355 500 произведений, 25 200 авторов.

Электронная библиотека книг » Сергей Городецкий » Избранные произведения. Том 2 » Текст книги (страница 24)
Избранные произведения. Том 2
  • Текст добавлен: 15 октября 2016, 07:18

Текст книги "Избранные произведения. Том 2"


Автор книги: Сергей Городецкий



сообщить о нарушении

Текущая страница: 24 (всего у книги 41 страниц)

Глава пятая

Марфа Дмитриевна в сарайчике хлестала Настьку по щекам и плечам мокрым полотенцем, которое выжимала, когда попалась дочь ей на глаза, и, шипя, чтоб отцу слышно не было, причитывала:

– Ах ты, негодная, ах ты, бесстыдница, где ж это всю ночку пропадала, а? Девушкой называется, честным родителям дочерью почитается, а домой на рассвете приходит, со спутанными косами?
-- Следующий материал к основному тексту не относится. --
text \<open>By Stone--Weierstrass, polynomials are uniformly dense in \<open>C[0,1]\<close>.\<close>

lemma integral_comp_exp_neg_eq_if_moments_eq:
  fixes M N :: "real measure" and g :: "real \<Rightarrow> real"
  assumes fM: "finite_measure M" and fN: "finite_measure N"
    and sM: "sets M = sets borel" and sN: "sets N = sets borel"
    and aM: "AE t in M. t > 0" and aN: "AE t in N. t > 0"
    and moments: "\<And>n::nat. (\<integral>t. exp (- t) ^ n \<partial>M) = (\<integral>t. exp (- t) ^ n \<partial>N)"
    and g: "continuous_on UNIV g"
  shows "(\<integral>t. g (exp (- t)) \<partial>M) = (\<integral>t. g (exp (- t)) \<partial>N)"
proof -
  define C where "C = measure M (space M) + measure N (space N)"
  have bound: "\<bar>(\<integral>t. g (exp (- t)) \<partial>M) - (\<integral>t. g (exp (- t)) \<partial>N)\<bar> \<le> e * C" if e: "e > 0" for e
  proof -
    obtain P where "real_polynomial_function P" and P: "\<And>y. y \<in> {0..1} \<Longrightarrow> \<bar>g y - P y\<bar> < e"
      using Stone_Weierstrass_real_polynomial_function[of "{0..1::real}" g e] g e
      by (auto intro: continuous_on_subset)
    then obtain a n where P_eq: "P = (\<lambda>y. \<Sum>i\<le>n. a i * y ^ i)"
      using real_polynomial_function_imp_sum by blast
    have P_cont: "continuous_on UNIV P"
      unfolding P_eq by (intro continuous_intros)
    have P_integral: "(\<integral>t. P (exp (- t)) \<partial>L) = (\<Sum>i\<le>n. a i * (\<integral>t. exp (- t) ^ i \<partial>L))"
      if "finite_measure L" "sets L = sets borel" "AE t in L. t > 0" for L
    proof -
      have "integrable L (\<lambda>t. exp (- t) ^ i)" for i
        by (rule integrable_comp_exp_neg[OF that, of "\<lambda>y. y ^ i"]) (intro continuous_intros)
      then show ?thesis unfolding P_eq by (simp add: integral_sum)
    qed
    have approx: "\<bar>(\<integral>t. g (exp (- t)) \<partial>L) - (\<integral>t. P (exp (- t)) \<partial>L)\<bar> \<le> e * measure L (space L)"
      if "finite_measure L" "sets L = sets borel" "AE t in L. t > 0" for L
      using P by (intro integral_comp_exp_neg_diff_le[OF that g P_cont]) (simp add: less_imp_le)
    show ?thesis
      using approx[OF fM sM aM] approx[OF fN sN aN] P_integral[OF fM sM aM] P_integral[OF fN sN aN]
      unfolding moments C_def by (simp add: algebra_simps)
  qed
  have "C \<ge> 0" by (simp add: C_def)
  have "\<bar>(\<integral>t. g (exp (- t)) \<partial>M) - (\<integral>t. g (exp (- t)) \<partial>N)\<bar> \<le> 0 + e" if "e > 0" for e
  proof -
    have "\<bar>(\<integral>t. g (exp (- t)) \<partial>M) - (\<integral>t. g (exp (- t)) \<partial>N)\<bar> \<le> e / (C + 1) * C"
      using \<open>C \<ge> 0\<close> that by (intro bound) simp
    also have "\<dots> \<le> e"
      using \<open>C \<ge> 0\<close> that by (simp add: field_simps)
    finally show ?thesis by simp
  qed
  then show ?thesis
    using field_le_epsilon[of "\<bar>(\<integral>t. g (exp (- t)) \<partial>M) - (\<integral>t. g (exp (- t)) \<partial>N)\<bar>" 0] by simp
qed

lemma tendsto_clamped_ramp:
  fixes c y :: real
  shows "(\<lambda>n::nat. max 0 (min 1 (real n * (c - y)))) \<longlonglongrightarrow> of_bool (y < c)"
proof (cases "y < c")
  case True
  have "eventually (\<lambda>n::nat. real n \<ge> 1 / (c - y)) sequentially"
    by (rule eventually_sequentiallyI[of "nat \<lceil>1 / (c - y)\<rceil>"]) linarith
  then have "eventually (\<lambda>n::nat. max 0 (min 1 (real n * (c - y))) = 1) sequentially"
    by eventually_elim (use True in \<open>auto simp: field_simps\<close>)
  then show ?thesis using True by (simp add: tendsto_eventually)
next
  case False
  have "max 0 (min 1 (real n * (c - y))) = 0" for n :: nat
  proof -
    have "real n * (c - y) \<le> 0" using False by (intro mult_nonneg_nonpos) auto
    then show ?thesis by simp
  qed
  then show ?thesis using False by simp
qed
С чертом своим лысым до венца связалась, а?

Марфа Дмитриевна приседала, чтоб заглянуть в лицо дочери, и опять подымалась для новых ударов.

– Говори, дрянь, у Бобкова была?

Настя, плача, с горящим лицом, низко опущенным, стояла у стенки. Все тело ее ныло, голова кружилась, как у пьяной. Мать и побои, все это ей, как во сне было. Усы Бобкова, пиво и какая-то комната помнились не лучше. Но что-то торжествующее, осмелевшее, правильное и приятное начинала ощущать она в своей природе.

И не боялась матери.

– Говори, дрянь щекастая! – подхлестывала старуха снизу и вдруг, размахнувшись, стебанула больнее.

Настя заскулила, больше для порядку, чтоб мать не злобить.

– Ведь жени-и-их, – протянула она как в песне.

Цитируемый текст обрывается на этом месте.